Carassaurat wrote:
The problem I have with this is that as a VN nudges more towards a game, players will try to game the system.
Beginning game developers bring this up all the time. Here is the truth of the matter - players will ALWAYS try and game the system. And so what? It isn't about you versus the player. You aren't trying to defeat them or outsmart them. You are the designer of an activity meant to give them fun and enjoyment. As much as some people try and stress VNs as art slideshows or straight-up novels, they are still a
game.
Carassaurat wrote:
The characters will invariable head towards a Mary Sue, a wish fulfillment character, and those just aren't deep enough to hold up a good story.
I disagree. If a player can turn their character into a Mary Sue who everything goes right for, that isn't their fault, it is yours as the writer and scenario creator. A player can still experience great agency with their choices and have setbacks and mistakes. You're assuming they would have perfect knowledge of the system - that they would always know what the "best" choice would be. There shouldn't be any "best outcome" choices. If they can pick out a "best" choice, you've failed to create interesting choices. There should always be a tradeoff with choices. A good example is the Spider-man comics where the Green Goblin dangles a trolley car full of people off one side of a bridge and Gwen Stacy off the other. Spider-man can't save them both. This would be an interesting choice for a player, because neither choice is necessarily better or worse than the other.
A player's character only becomes a Mary Sue if
you as the game designer are constantly giving them Mary Sue-style choices. Yes, giving them a constant stream of "Do you pet the kitten or kick it?" choices will make for a poor story, but that is YOUR failure as a writer. A good writer keeps the choices interesting and gives constant twists to the results. The player SHOULD be able to
predict the outcome of their choices, but the result should never match up 100% with their expectations.
And if they play your game enough to map out a "perfect" route of choices? Congratulations, you've designed a fun game that keeps them playing!
Carassaurat wrote:
Either way, if the player is left in command, it's victory after victory for the main character, because no player will ever choose to have his hero find out that some things aren't meant for humans, no player will have his hero sickly squirming in bed over guilt, and absolutely no player will have his hero murder his father and marry his mother. A played character can only struggle with the outside world, never with himself.
Not true. Again, if the player can achieve victory after victory with no setbacks you didn't design the story or choices very well. If your scenario design is good you can give the player the same anguish the character should be experiencing. You put the player in a situation where the logical choice for the best
mechanical outcome does not match up with the choice for the best
moral outcome. The player will experience dissonance. Any forward momentum they had will be arrested and they will be forced to struggle with a choice.

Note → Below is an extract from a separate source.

(* Let $\mathcal{F}$ be an argumentation framework and $S\subseteq A_{\mathcal{F}}$. Suppose that whether or not $S$ is a $\mathit{cf2}$-extension of $\mathcal{F}$ is well-defined. Then $S\in\mathit{cf2}(\mathcal{F})$ if and only if $S\in\mathit{tfcf2}(\mathcal{F})$. Similarly, suppose that whether or not $S$ is a $\mathit{stg2}$-extension of $\mathcal{F}$ is well-defined. Then $S\in\mathit{stg2}(\mathcal{F})$ if and only if $S\in\mathit{tfstg2}(\mathcal{F})$.
   Context: An argumentation framework (AF) is a pair $\mathcal{F}=(A_{\mathcal{F}},R_{\mathcal{F}})$ with $R_{\mathcal{F}}\subseteq A_{\mathcal{F}}\times A_{\mathcal{F}}$ (possibly infinite); write $a\rightarrow b$ for $(a,b)\in R_{\mathcal{F}}$. For $S\subseteq A_{\mathcal{F}}$, $\mathcal{F}|_S=(A_{\mathcal{F}}\cap S,R_{\mathcal{F}}\cap(S\times S))$. $S$ is conflict-free if there are no $a,b\in S$ with $a\rightarrow b$; $cf(\mathcal{F})$ is the set of conflict-free sets. $S^+=\{x:\exists y\in S,\ y\rightarrow x\}$ and $S^\oplus=S\cup S^+$. $S$ is a naive extension if it is a $\subseteq$-maximal conflict-free set; $S$ is a stage extension if it is conflict-free and there is no conflict-free $T$ with $S^\oplus\subsetneq T^\oplus$. For $a\in A_{\mathcal{F}}$, $\mathrm{SCC}(a)$ (the strongly connected component of $a$) is the set of $b$ such that there are directed attack paths (possibly of length $0$) from $a$ to $b$ and from $b$ to $a$; $\mathrm{SCC}(\mathcal{F})$ is the set of these components. For $X,S\subseteq A_{\mathcal{F}}$, $D_S(X)=\{b\in X:\exists a\in S\setminus X,\ a\rightarrow b\}$. $\mathit{cf2}$: $S\in\mathit{cf2}(\mathcal{F})$ iff either $|\mathrm{SCC}(\mathcal{F})|=1$ and $S$ is naive in $\mathcal{F}$, or $|\mathrm{SCC}(\mathcal{F})|\neq 1$ and for each $X\in\mathrm{SCC}(\mathcal{F})$, $S\cap X\in\mathit{cf2}(\mathcal{F}|_{X\setminus D_S(X)})$ (the same definition applied recursively to the subframework, with attacks and components computed there). Unfolding this recursion gives a tree of recursive calls rooted at $(\mathcal{F},S)$; nodes whose framework has exactly one SCC (or is empty) are leaves. Whether $S$ is a $\mathit{cf2}$-extension is well-defined if this tree has no infinite branch; then $S\in\mathit{cf2}(\mathcal{F})$ iff at every leaf with exactly one SCC, the relevant part of $S$ is naive in that leaf's framework. $\mathit{stg2}$ is defined identically with "stage" in place of "naive". $\mathit{tfcf2}$, $\mathit{tfstg2}$: for $S\subseteq A_{\mathcal{F}}$, $a\in A_{\mathcal{F}}$ and ordinals $\alpha$ define $C^0_S(a)=\mathrm{SCC}(a)$; $C^{\alpha+1}_S(a)$ = the strongly connected component of $a$ in $\mathcal{F}|_{C^\alpha_S(a)\setminus D_S(C^\alpha_S(a))}$ (empty if $a$ is not in that set); for limit $\lambda$, $C^\lambda_S(a)$ = the strongly connected component of $a$ in $\mathcal{F}|_{\bigcap_{\alpha<\lambda}C^\alpha_S(a)}$. Let $\alpha_S(a)$ be the least $\alpha$ with $a\notin C^\alpha_S(a)$ or $C^{\alpha+1}_S(a)=C^\alpha_S(a)$. Then $S\in\mathit{tfcf2}(\mathcal{F})$ iff $S\in cf(\mathcal{F})$ and for each $a\in A_{\mathcal{F}}$, either $a\notin C^{\alpha_S(a)}_S(a)$ or $S\cap C^{\alpha_S(a)}_S(a)$ is a naive extension of $\mathcal{F}|_{C^{\alpha_S(a)}_S(a)}$; $\mathit{tfstg2}$ is the same with "stage extension" in place of "naive extension". *)

theory Defs
  imports Main
begin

(EDIT: In simpler terms, you give the player a choice between doing something that would be best for THEMSELVES in a meta-gaming sense, and doing something that would be best for their CHARACTER. You put the player in a position where to do best for their own interests they must
betray the character they've been controlling - and that you've hopefully made them care deeply about.)
In Bioshock 2 the player is presented with a choice at one point of whether or not to kill a character. It is fairly clear in the game that killing the character will NOT give the player the best ending, but the character has been set up and presented in such a way it feels morally wrong and unfair NOT to kill them. It is well executed, and I struggled for 10 minutes about whether or not to pull the trigger. The longer it takes your player to make a choice, the better that choice was designed.
Carassaurat wrote:
Maybe it's the distinction between shape-your-own-adventure and choose-your-own-adventure. And while shape sounds very fancy and postmodern, I think it's detrimental to the actual story.
I believe it all depends on the writing and scenario design. It surprises me how many writers on the VN boards believe a story in a VN is some sacred thing that has a true shape and form, absolute and ordained. If you were writing a
novel that may be true, but in this medium a story is always a JOINT creation between the designer and the player. Your job as the story writer is to make sure any combination of choices results in a satisfying and meaningful story. That is the power of games - the ability to create powerful stories that could not be told in other mediums through the mechanic of player agency in the story.